** Opening EXTRACTED RECORDS block **

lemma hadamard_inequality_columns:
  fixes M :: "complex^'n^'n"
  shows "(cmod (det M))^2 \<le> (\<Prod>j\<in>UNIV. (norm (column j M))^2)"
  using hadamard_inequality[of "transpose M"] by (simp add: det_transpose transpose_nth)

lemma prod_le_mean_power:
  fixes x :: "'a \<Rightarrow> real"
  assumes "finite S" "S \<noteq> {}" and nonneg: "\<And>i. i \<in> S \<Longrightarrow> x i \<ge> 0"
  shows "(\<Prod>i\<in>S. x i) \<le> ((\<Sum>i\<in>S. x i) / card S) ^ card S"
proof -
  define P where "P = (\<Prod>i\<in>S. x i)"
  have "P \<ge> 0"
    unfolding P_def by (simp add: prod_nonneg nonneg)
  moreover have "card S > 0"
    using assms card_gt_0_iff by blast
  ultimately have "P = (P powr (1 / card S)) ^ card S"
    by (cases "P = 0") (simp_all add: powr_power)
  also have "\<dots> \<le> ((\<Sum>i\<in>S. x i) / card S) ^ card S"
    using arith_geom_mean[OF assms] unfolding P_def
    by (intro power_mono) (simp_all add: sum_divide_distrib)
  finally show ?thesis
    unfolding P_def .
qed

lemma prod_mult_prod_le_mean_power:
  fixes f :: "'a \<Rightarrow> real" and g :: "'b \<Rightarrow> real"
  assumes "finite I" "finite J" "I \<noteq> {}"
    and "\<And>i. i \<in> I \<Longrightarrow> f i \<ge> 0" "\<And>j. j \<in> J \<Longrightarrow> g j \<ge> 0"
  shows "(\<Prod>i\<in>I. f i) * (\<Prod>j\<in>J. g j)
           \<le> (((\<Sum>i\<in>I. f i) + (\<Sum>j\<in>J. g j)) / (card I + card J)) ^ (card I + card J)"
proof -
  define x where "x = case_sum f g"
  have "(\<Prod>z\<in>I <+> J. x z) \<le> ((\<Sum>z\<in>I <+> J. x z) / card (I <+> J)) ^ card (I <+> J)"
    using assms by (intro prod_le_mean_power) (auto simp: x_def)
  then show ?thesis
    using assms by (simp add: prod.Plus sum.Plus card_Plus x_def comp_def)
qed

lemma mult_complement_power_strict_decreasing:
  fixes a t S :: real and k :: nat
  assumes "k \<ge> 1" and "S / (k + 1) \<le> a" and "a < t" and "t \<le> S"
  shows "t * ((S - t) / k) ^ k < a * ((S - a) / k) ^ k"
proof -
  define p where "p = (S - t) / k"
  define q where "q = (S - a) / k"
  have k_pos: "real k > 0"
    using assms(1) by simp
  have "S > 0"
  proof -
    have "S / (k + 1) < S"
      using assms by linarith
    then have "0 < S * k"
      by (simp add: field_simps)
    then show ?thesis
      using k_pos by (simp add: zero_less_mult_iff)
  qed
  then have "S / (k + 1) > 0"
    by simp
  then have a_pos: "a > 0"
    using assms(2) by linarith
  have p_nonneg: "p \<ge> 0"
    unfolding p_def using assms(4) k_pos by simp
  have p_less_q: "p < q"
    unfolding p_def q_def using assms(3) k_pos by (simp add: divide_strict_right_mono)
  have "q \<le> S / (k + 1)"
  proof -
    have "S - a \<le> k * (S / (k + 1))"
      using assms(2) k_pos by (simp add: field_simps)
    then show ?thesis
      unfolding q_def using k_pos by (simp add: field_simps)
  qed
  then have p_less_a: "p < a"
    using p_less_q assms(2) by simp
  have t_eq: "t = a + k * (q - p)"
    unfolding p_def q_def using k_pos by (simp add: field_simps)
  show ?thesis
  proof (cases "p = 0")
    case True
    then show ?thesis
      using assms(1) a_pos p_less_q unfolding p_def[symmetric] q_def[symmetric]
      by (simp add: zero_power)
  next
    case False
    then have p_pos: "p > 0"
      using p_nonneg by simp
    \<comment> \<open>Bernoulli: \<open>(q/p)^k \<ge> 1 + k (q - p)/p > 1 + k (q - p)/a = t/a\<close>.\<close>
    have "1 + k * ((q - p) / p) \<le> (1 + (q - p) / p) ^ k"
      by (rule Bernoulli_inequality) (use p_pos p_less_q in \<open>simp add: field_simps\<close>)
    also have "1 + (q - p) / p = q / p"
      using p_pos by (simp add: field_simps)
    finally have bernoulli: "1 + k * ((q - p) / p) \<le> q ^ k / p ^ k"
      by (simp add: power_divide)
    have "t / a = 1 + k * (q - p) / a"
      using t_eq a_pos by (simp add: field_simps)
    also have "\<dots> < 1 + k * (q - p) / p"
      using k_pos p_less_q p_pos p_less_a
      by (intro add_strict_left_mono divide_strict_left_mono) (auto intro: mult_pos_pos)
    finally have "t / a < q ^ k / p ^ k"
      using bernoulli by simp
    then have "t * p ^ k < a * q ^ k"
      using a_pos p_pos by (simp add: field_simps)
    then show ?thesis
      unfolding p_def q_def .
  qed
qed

** Closing EXTRACTED RECORDS block **

* DESCRIPTION OF THE TASK *
I'd like all of the entries written out again exactly as they appear above.

* EXERCISE ANSWER *
lemma hadamard_inequality_columns:
  fixes M :: "complex^'n^'n"
  shows "(cmod (det M))^2 \<le> (\<Prod>j\<in>UNIV. (norm (column j M))^2)"
  using hadamard_inequality[of "transpose M"] by (simp add: det_transpose transpose_nth)

lemma prod_le_mean_power:
  fixes x :: "'a \<Rightarrow> real"
  assumes "finite S" "S \<noteq> {}" and nonneg: "\<And>i. i \<in> S \<Longrightarrow> x i \<ge> 0"
  shows "(\<Prod>i\<in>S. x i) \<le> ((\<Sum>i\<in>S. x i) / card S) ^ card S"
proof -
  define P where "P = (\<Prod>i\<in>S. x i)"
  have "P \<ge> 0"
    unfolding P_def by (simp add: prod_nonneg nonneg)
  moreover have "card S > 0"
    using assms card_gt_0_iff by blast
  ultimately have "P = (P powr (1 / card S)) ^ card S"
    by (cases "P = 0") (simp_all add: powr_power)
  also have "\<dots> \<le> ((\<Sum>i\<in>S. x i) / card S) ^ card S"
    using arith_geom_mean[OF assms] unfolding P_def
    by (intro power_mono) (simp_all add: sum_divide_distrib)
  finally show ?thesis
    unfolding P_def .
qed

lemma prod_mult_prod_le_mean_power:
  fixes f :: "'a \<Rightarrow> real" and g :: "'b \<Rightarrow> real"
  assumes "finite I" "finite J" "I \<noteq> {}"
    and "\<And>i. i \<in> I \<Longrightarrow> f i \<ge> 0" "\<And>j. j \<in> J \<Longrightarrow> g j \<ge> 0"
  shows "(\<Prod>i\<in>I. f i) * (\<Prod>j\<in>J. g j)
           \<le> (((\<Sum>i\<in>I. f i) + (\<Sum>j\<in>J. g j)) / (card I + card J)) ^ (card I + card J)"
proof -
  define x where "x = case_sum f g"
  have "(\<Prod>z\<in>I <+> J. x z) \<le> ((\<Sum>z\<in>I <+> J. x z) / card (I <+> J)) ^ card (I <+> J)"
    using assms by (intro prod_le_mean_power) (auto simp: x_def)
  then show ?thesis
    using assms by (simp add: prod.Plus sum.Plus card_Plus x_def comp_def)
qed

lemma mult_complement_power_strict_decreasing:
  fixes a t S :: real and k :: nat
  assumes "k \<ge> 1" and "S / (k + 1) \<le> a" and "a < t" and "t \<le> S"
  shows "t * ((S - t) / k) ^ k < a * ((S - a) / k) ^ k"
proof -
  define p where "p = (S - t) / k"
  define q where "q = (S - a) / k"
  have k_pos: "real k > 0"
    using assms(1) by simp
  have "S > 0"
  proof -
    have "S / (k + 1) < S"
      using assms by linarith
    then have "0 < S * k"
      by (simp add: field_simps)
    then show ?thesis
      using k_pos by (simp add: zero_less_mult_iff)
  qed
  then have "S / (k + 1) > 0"
    by simp
  then have a_pos: "a > 0"
    using assms(2) by linarith
  have p_nonneg: "p \<ge> 0"
    unfolding p_def using assms(4) k_pos by simp
  have p_less_q: "p < q"
    unfolding p_def q_def using assms(3) k_pos by (simp add: divide_strict_right_mono)
  have "q \<le> S / (k + 1)"
  proof -
    have "S - a \<le> k * (S / (k + 1))"
      using assms(2) k_pos by (simp add: field_simps)
    then show ?thesis
      unfolding q_def using k_pos by (simp add: field_simps)
  qed
  then have p_less_a: "p < a"
    using p_less_q assms(2) by simp
  have t_eq: "t = a + k * (q - p)"
    unfolding p_def q_def using k_pos by (simp add: field_simps)
  show ?thesis
  proof (cases "p = 0")
    case True
    then show ?thesis
      using assms(1) a_pos p_less_q unfolding p_def[symmetric] q_def[symmetric]
      by (simp add: zero_power)
  next
    case False
    then have p_pos: "p > 0"
      using p_nonneg by simp
    \<comment> \<open>Bernoulli: \<open>(q/p)^k \<ge> 1 + k (q - p)/p > 1 + k (q - p)/a = t/a\<close>.\<close>
    have "1 + k * ((q - p) / p) \<le> (1 + (q - p) / p) ^ k"
      by (rule Bernoulli_inequality) (use p_pos p_less_q in \<open>simp add: field_simps\<close>)
    also have "1 + (q - p) / p = q / p"
      using p_pos by (simp add: field_simps)
    finally have bernoulli: "1 + k * ((q - p) / p) \<le> q ^ k / p ^ k"
      by (simp add: power_divide)
    have "t / a = 1 + k * (q - p) / a"
      using t_eq a_pos by (simp add: field_simps)
    also have "\<dots> < 1 + k * (q - p) / p"
      using k_pos p_less_q p_pos p_less_a
      by (intro add_strict_left_mono divide_strict_left_mono) (auto intro: mult_pos_pos)
    finally have "t / a < q ^ k / p ^ k"
      using bernoulli by simp
    then have "t * p ^ k < a * q ^ k"
      using a_pos p_pos by (simp add: field_simps)
    then show ?thesis
      unfolding p_def q_def .
  qed
qed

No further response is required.